The question whether this is an extraordinary documentary is moot. It has remarkable access to an extraordinary man and his extraordinary achievement, the Ninth Symphony of rock climbing, something never done before. After eight years of thinking about it, and one abandoned attempt, Alex Honnold accomplishes probably the greatest feat in rock climbing history, the scaling free solo, without backup or ropes, of the 7,569′ solid granite vertical rock known as El Capitan, in Yosemite.

I didn't intend to write about this film. It's been out for two months; I've wanted to see if all this time and made it today on my fourth attempt.

The first time I bypassed it to see Wildlife, because I misread the local schedule and thought Dano's film was leaving after that Thanksgiving afternoon show. The day after Thanksgiving the crowds were out in Berkeley and there was literally not one possible seat in the auditorium where Free Solo was showing. The day after that, I started late and post-Thanksgiving holiday traffic was practically deadlocked. Today, not so much traffic, and surprisingly, not so many to see the film.
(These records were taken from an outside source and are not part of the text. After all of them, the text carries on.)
(* Let $n\ge 0$, let $T$ be a triangulation of a regular polygon with $n+3$ vertices, let $\alpha,\alpha'$ be positive roots and write $S=\operatorname{Supp}\alpha$, $S'=\operatorname{Supp}\alpha'$. The following are equivalent: (A) there exists $i\in S\cap S'$ such that, denoting by $v_1,v_2$ the endpoints of $-\alpha_i$ and by $u_1,u_2$ (resp. $u_1',u_2'$) the endpoints of $\alpha$ (resp. $\alpha'$), and ordering the vertices counterclockwise starting at $v_1$ (for a suitable choice of labelling of the endpoints), one has $v_1<u_1\le u_1'<v_2<u_2\le u_2'$; (B) $S\cap S'\neq\emptyset$, there is no arrow in ${Q}_T$ from $S\setminus S'$ to $S\cap S'$, and there is no arrow in ${Q}_T$ from $S\cap S'$ to $S'\setminus S$.
   Context: Diagonals of the polygon are called roots; those in $T$ are negative roots, indexed by a set $I$ (the one indexed by $i$ written $-\alpha_i$), and the others positive roots. $\operatorname{Supp}\alpha$ is the set of $i\in I$ with $-\alpha_i$ crossing $\alpha$. If $-\alpha_i,-\alpha_j$ bound a common triangle of $T$ with common vertex $x$, set $-\alpha_i<-\alpha_j$ if the minimal-angle rotation about $x$ sending the line through $-\alpha_i$ to that through $-\alpha_j$ is counterclockwise. ${Q}_T$ has vertex set $I$ and an arrow $j\to i$ whenever $-\alpha_i,-\alpha_j$ bound a common triangle and $-\alpha_i<-\alpha_j$. *)

theory Defs
  imports Main
begin

text \<open>Vertices of the (convex, regular) polygon with N vertices are 0,...,N-1,
 labelled counterclockwise. A diagonal (root) is a 2-element set of non-adjacent vertices.\<close>

definition adjacent :: "nat \<Rightarrow> nat \<Rightarrow> nat \<Rightarrow> bool" where
  "adjacent N a b \<longleftrightarrow> (a + 1) mod N = b \<or> (b + 1) mod N = a"

definition is_diag :: "nat \<Rightarrow> nat set \<Rightarrow> bool" where
  "is_diag N d \<longleftrightarrow> (\<exists>a b. d = {a, b} \<and> a < b \<and> b < N \<and> \<not> adjacent N a b)"

definition is_side :: "nat \<Rightarrow> nat set \<Rightarrow> bool" where
  "is_side N d \<longleftrightarrow> (\<exists>a b. d = {a, b} \<and> a < N \<and> b < N \<and> a \<noteq> b \<and> adjacent N a b)"

definition crosses :: "nat set \<Rightarrow> nat set \<Rightarrow> bool" where
  "crosses d e \<longleftrightarrow> (\<exists>a b c c'. d = {a, b} \<and> e = {c, c'} \<and> a < c \<and> c < b \<and> (c' < a \<or> b < c'))"

definition triangulation :: "nat \<Rightarrow> nat set set \<Rightarrow> bool" where
  "triangulation N T \<longleftrightarrow> T \<subseteq> {d. is_diag N d} \<and> (\<forall>d\<in>T. \<forall>e\<in>T. \<not> crosses d e)
     \<and> (\<forall>d. is_diag N d \<and> d \<notin> T \<longrightarrow> (\<exists>e\<in>T. crosses d e))"

definition positive_root :: "nat \<Rightarrow> nat set set \<Rightarrow> nat set \<Rightarrow> bool" where
  "positive_root N T \<alpha> \<longleftrightarrow> is_diag N \<alpha> \<and> \<alpha> \<notin> T"

text \<open>Negative roots are the diagonals in T; we index them by themselves (I = T).\<close>
definition Supp :: "nat set set \<Rightarrow> nat set \<Rightarrow> nat set set" where
  "Supp T \<alpha> = {d \<in> T. crosses d \<alpha>}"

definition triangle_of :: "nat \<Rightarrow> nat set set \<Rightarrow> nat \<Rightarrow> nat \<Rightarrow> nat \<Rightarrow> bool" where
  "triangle_of N T x a b \<longleftrightarrow> x < N \<and> a < N \<and> b < N \<and> x \<noteq> a \<and> x \<noteq> b \<and> a \<noteq> b
     \<and> ({x, a} \<in> T \<or> is_side N {x, a}) \<and> ({x, b} \<in> T \<or> is_side N {x, b})
     \<and> ({a, b} \<in> T \<or> is_side N {a, b})"

definition ccw_pos :: "nat \<Rightarrow> nat \<Rightarrow> nat \<Rightarrow> nat" where
  "ccw_pos N v w = (w + N - v) mod N"

text \<open>root_less N T di dj: di, dj bound a common triangle with common vertex x, and the
 counterclockwise rotation about x through the triangle's angle (< pi) sends the ray to the
 other endpoint of di onto the ray to the other endpoint of dj.\<close>
definition root_less :: "nat \<Rightarrow> nat set set \<Rightarrow> nat set \<Rightarrow> nat set \<Rightarrow> bool" where
  "root_less N T di dj \<longleftrightarrow> (\<exists>x a b. di = {x, a} \<and> dj = {x, b} \<and> triangle_of N T x a b
      \<and> ccw_pos N x a < ccw_pos N x b)"

text \<open>Arrow j \<rightarrow> i in Q_T.\<close>
definition arrow :: "nat \<Rightarrow> nat set set \<Rightarrow> nat set \<Rightarrow> nat set \<Rightarrow> bool" where
  "arrow N T j i \<longleftrightarrow> i \<in> T \<and> j \<in> T \<and> root_less N T i j"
Alex Honnold. His torso is impressive, a wiry network of ropes. He doesn't need to do Pilates to strengthen his "core." The arms and hands are the key to every move in rock climbing, we learn. But what dominates the film is his face. It's the face of a friendly outsider, an alien. He's preternaturally alert, a beyond-elite athlete who has at the same time that calm, slightly dreamy look of elite runners. He looks dreamy, almost asleep, either because one who does super workouts needs an unusual amount of sleep and rising before dawn to catch the side of the cliff before the sun hits it, he's lost some sleep, or it's all those endorphins.

The eyes. You see how big they are even in childhood photos, where they pop out like big dark buttons, round and black. The film crew, I read in a New Yorker article, called him "Bambi," because of the big eyes. They give him an innocent look. And there is an openness and sweetness about the face that initially hides the fact that he is emotionally untutored and unavailable.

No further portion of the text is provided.